#### DATA EXTRACTS
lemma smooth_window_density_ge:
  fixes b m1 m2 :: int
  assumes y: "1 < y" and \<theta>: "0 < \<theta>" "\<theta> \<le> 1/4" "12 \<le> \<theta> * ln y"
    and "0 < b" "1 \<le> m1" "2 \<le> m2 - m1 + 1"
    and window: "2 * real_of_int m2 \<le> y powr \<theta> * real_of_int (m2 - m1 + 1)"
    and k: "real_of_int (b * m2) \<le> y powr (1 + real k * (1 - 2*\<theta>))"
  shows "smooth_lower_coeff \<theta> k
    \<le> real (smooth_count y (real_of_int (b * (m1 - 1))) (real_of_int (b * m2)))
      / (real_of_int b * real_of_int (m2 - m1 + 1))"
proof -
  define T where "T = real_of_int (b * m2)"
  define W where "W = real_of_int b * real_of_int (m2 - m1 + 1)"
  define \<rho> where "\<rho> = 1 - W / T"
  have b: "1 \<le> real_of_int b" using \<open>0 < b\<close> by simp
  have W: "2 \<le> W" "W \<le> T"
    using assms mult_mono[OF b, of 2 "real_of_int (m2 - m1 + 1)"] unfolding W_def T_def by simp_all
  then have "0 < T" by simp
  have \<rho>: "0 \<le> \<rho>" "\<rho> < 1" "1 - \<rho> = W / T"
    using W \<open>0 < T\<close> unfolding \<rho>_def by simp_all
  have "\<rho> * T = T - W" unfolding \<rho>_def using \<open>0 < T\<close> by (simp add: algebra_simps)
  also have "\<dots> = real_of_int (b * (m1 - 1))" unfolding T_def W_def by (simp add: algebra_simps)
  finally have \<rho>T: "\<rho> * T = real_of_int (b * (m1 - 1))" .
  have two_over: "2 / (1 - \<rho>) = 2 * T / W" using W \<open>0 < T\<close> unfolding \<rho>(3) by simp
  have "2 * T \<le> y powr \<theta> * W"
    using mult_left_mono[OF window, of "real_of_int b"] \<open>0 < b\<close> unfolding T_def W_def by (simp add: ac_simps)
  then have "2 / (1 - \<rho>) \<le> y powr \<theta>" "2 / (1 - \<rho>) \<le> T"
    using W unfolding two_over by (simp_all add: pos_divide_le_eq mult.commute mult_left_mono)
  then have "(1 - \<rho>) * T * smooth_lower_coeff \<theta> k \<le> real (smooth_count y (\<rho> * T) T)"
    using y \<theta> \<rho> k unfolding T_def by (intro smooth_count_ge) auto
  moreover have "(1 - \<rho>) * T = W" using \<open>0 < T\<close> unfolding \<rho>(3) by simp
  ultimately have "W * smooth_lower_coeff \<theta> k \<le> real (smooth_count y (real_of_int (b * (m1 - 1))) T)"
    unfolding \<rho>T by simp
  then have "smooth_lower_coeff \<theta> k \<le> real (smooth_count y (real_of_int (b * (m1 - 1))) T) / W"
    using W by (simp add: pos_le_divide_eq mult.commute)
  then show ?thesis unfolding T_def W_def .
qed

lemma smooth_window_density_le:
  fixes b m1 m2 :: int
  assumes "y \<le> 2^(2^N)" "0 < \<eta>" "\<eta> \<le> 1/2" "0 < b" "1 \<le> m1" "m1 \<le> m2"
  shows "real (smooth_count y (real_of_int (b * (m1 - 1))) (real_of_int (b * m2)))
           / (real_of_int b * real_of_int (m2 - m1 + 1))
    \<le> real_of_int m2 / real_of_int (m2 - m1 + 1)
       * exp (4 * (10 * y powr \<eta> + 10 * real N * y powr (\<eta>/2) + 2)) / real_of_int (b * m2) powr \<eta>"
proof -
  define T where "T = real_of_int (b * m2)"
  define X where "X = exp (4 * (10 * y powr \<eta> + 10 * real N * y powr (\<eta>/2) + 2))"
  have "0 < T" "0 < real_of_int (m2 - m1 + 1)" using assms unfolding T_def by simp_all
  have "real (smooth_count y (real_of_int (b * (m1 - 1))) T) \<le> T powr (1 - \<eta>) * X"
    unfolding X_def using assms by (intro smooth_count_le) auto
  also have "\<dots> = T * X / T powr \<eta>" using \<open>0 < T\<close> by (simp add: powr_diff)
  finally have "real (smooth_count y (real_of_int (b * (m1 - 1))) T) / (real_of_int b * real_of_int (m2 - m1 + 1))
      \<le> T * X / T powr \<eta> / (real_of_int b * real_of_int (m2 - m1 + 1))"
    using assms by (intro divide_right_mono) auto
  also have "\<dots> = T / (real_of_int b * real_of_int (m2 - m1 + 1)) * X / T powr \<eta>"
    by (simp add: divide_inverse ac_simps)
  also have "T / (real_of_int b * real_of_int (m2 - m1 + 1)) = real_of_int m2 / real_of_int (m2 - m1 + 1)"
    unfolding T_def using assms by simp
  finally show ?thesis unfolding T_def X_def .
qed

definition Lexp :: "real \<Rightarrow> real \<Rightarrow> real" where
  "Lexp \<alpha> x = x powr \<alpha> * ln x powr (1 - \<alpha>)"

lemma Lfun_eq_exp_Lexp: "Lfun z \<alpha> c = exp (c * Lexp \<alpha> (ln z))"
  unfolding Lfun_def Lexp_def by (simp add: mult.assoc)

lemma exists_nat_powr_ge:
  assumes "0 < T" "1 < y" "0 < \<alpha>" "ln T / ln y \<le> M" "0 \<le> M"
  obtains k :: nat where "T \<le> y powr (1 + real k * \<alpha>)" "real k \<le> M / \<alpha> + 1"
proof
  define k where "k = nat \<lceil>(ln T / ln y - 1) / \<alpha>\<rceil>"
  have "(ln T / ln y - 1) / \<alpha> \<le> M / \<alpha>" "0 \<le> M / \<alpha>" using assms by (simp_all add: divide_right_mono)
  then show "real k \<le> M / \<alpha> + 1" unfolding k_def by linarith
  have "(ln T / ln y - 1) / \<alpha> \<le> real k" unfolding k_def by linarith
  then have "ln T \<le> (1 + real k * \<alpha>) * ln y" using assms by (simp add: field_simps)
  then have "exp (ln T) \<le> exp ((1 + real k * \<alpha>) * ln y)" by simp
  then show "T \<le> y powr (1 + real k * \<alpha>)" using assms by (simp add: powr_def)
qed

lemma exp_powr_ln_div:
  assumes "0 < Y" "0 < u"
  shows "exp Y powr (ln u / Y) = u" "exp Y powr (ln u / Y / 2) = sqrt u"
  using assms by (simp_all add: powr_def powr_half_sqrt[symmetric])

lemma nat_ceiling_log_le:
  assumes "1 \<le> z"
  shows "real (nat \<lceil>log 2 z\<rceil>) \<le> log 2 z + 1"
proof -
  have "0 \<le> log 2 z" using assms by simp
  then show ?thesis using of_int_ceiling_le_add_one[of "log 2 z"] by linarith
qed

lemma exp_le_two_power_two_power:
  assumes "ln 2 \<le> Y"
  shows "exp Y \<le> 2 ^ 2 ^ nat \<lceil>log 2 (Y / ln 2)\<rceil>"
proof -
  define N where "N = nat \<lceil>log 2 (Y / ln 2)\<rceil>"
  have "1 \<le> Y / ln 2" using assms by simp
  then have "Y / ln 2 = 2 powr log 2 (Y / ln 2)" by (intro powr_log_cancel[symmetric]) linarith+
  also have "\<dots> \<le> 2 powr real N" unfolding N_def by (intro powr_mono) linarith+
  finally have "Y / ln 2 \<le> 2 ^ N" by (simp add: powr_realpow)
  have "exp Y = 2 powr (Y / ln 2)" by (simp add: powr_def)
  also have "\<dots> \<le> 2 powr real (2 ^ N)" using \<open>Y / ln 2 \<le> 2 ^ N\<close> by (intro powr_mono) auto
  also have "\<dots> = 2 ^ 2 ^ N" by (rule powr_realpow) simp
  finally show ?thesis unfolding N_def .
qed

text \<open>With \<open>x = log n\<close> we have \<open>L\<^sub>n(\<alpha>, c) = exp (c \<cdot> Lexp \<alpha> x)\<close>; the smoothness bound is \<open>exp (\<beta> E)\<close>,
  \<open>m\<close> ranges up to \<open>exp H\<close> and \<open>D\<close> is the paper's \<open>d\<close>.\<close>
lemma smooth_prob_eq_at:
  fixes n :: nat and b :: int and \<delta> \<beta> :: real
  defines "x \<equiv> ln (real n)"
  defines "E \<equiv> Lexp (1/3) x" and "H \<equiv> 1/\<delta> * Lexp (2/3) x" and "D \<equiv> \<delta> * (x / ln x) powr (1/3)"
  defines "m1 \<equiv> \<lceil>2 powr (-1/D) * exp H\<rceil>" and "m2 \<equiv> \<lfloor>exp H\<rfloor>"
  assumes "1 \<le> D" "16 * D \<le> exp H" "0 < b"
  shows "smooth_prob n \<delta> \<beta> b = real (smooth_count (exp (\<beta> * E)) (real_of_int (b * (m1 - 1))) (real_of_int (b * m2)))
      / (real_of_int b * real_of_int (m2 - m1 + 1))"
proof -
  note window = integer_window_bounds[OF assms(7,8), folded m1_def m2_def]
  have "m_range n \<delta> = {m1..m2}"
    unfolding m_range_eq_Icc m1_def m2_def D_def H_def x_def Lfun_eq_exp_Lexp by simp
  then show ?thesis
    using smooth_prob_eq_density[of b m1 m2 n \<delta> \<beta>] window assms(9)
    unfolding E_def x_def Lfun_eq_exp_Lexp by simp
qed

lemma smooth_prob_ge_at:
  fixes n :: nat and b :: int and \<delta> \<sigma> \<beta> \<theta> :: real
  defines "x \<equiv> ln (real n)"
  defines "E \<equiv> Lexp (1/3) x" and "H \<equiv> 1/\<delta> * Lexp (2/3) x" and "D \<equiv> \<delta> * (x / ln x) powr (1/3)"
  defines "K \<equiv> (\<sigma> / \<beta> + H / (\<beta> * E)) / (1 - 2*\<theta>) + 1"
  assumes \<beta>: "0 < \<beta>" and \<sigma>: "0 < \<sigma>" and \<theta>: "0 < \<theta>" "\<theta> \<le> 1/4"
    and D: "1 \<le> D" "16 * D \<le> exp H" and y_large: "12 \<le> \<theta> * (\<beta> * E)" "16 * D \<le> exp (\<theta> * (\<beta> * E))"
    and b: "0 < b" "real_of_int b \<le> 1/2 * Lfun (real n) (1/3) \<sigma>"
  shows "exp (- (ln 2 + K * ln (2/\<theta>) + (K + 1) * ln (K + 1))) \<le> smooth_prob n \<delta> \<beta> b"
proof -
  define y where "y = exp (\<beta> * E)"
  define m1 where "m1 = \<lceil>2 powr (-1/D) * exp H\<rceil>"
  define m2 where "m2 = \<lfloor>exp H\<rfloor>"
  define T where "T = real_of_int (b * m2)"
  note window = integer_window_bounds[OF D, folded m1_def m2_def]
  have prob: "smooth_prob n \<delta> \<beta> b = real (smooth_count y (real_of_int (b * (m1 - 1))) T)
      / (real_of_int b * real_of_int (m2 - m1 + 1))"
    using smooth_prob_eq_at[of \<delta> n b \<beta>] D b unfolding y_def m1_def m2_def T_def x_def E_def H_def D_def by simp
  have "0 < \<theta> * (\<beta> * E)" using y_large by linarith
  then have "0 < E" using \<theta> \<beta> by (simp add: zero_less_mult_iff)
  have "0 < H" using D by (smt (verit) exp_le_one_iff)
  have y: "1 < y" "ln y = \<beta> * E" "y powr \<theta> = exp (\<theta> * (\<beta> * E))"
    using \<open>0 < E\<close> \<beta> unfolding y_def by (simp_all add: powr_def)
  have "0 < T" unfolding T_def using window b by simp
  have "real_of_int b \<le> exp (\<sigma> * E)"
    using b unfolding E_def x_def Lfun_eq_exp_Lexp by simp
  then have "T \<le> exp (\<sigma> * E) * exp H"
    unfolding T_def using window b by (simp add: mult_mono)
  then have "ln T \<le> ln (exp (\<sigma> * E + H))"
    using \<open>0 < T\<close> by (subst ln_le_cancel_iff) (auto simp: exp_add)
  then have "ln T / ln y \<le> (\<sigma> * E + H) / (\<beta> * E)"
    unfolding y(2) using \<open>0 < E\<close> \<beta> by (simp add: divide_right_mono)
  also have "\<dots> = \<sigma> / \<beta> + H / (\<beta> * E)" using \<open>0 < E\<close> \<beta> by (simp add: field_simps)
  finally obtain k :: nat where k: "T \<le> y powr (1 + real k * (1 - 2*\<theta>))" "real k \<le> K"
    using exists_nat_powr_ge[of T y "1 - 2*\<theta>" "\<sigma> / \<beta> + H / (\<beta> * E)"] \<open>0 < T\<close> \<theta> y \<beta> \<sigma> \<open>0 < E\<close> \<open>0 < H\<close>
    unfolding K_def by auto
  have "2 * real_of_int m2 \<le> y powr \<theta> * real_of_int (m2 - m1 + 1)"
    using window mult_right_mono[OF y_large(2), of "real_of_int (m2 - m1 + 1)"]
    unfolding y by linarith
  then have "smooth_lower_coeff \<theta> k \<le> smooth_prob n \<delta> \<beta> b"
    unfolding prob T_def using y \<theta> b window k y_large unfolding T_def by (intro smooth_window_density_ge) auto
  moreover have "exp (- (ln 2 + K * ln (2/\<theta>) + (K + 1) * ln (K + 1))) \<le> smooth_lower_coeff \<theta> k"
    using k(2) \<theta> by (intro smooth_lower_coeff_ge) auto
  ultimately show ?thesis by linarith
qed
########
Each line from the top of the records down to the one with "T \<le> y powr \<theta>" must be retyped exactly; include both ends and nothing else.

lemma smooth_window_density_ge:
  fixes b m1 m2 :: int
  assumes y: "1 < y" and \<theta>: "0 < \<theta>" "\<theta> \<le> 1/4" "12 \<le> \<theta> * ln y"
    and "0 < b" "1 \<le> m1" "2 \<le> m2 - m1 + 1"
    and window: "2 * real_of_int m2 \<le> y powr \<theta> * real_of_int (m2 - m1 + 1)"
    and k: "real_of_int (b * m2) \<le> y powr (1 + real k * (1 - 2*\<theta>))"
  shows "smooth_lower_coeff \<theta> k
    \<le> real (smooth_count y (real_of_int (b * (m1 - 1))) (real_of_int (b * m2)))
      / (real_of_int b * real_of_int (m2 - m1 + 1))"
proof -
  define T where "T = real_of_int (b * m2)"
  define W where "W = real_of_int b * real_of_int (m2 - m1 + 1)"
  define \<rho> where "\<rho> = 1 - W / T"
  have b: "1 \<le> real_of_int b" using \<open>0 < b\<close> by simp
  have W: "2 \<le> W" "W \<le> T"
    using assms mult_mono[OF b, of 2 "real_of_int (m2 - m1 + 1)"] unfolding W_def T_def by simp_all
  then have "0 < T" by simp
  have \<rho>: "0 \<le> \<rho>" "\<rho> < 1" "1 - \<rho> = W / T"
    using W \<open>0 < T\<close> unfolding \<rho>_def by simp_all
  have "\<rho> * T = T - W" unfolding \<rho>_def using \<open>0 < T\<close> by (simp add: algebra_simps)
  also have "\<dots> = real_of_int (b * (m1 - 1))" unfolding T_def W_def by (simp add: algebra_simps)
  finally have \<rho>T: "\<rho> * T = real_of_int (b * (m1 - 1))" .
  have two_over: "2 / (1 - \<rho>) = 2 * T / W" using W \<open>0 < T\<close> unfolding \<rho>(3) by simp
  have "2 * T \<le> y powr \<theta> * W"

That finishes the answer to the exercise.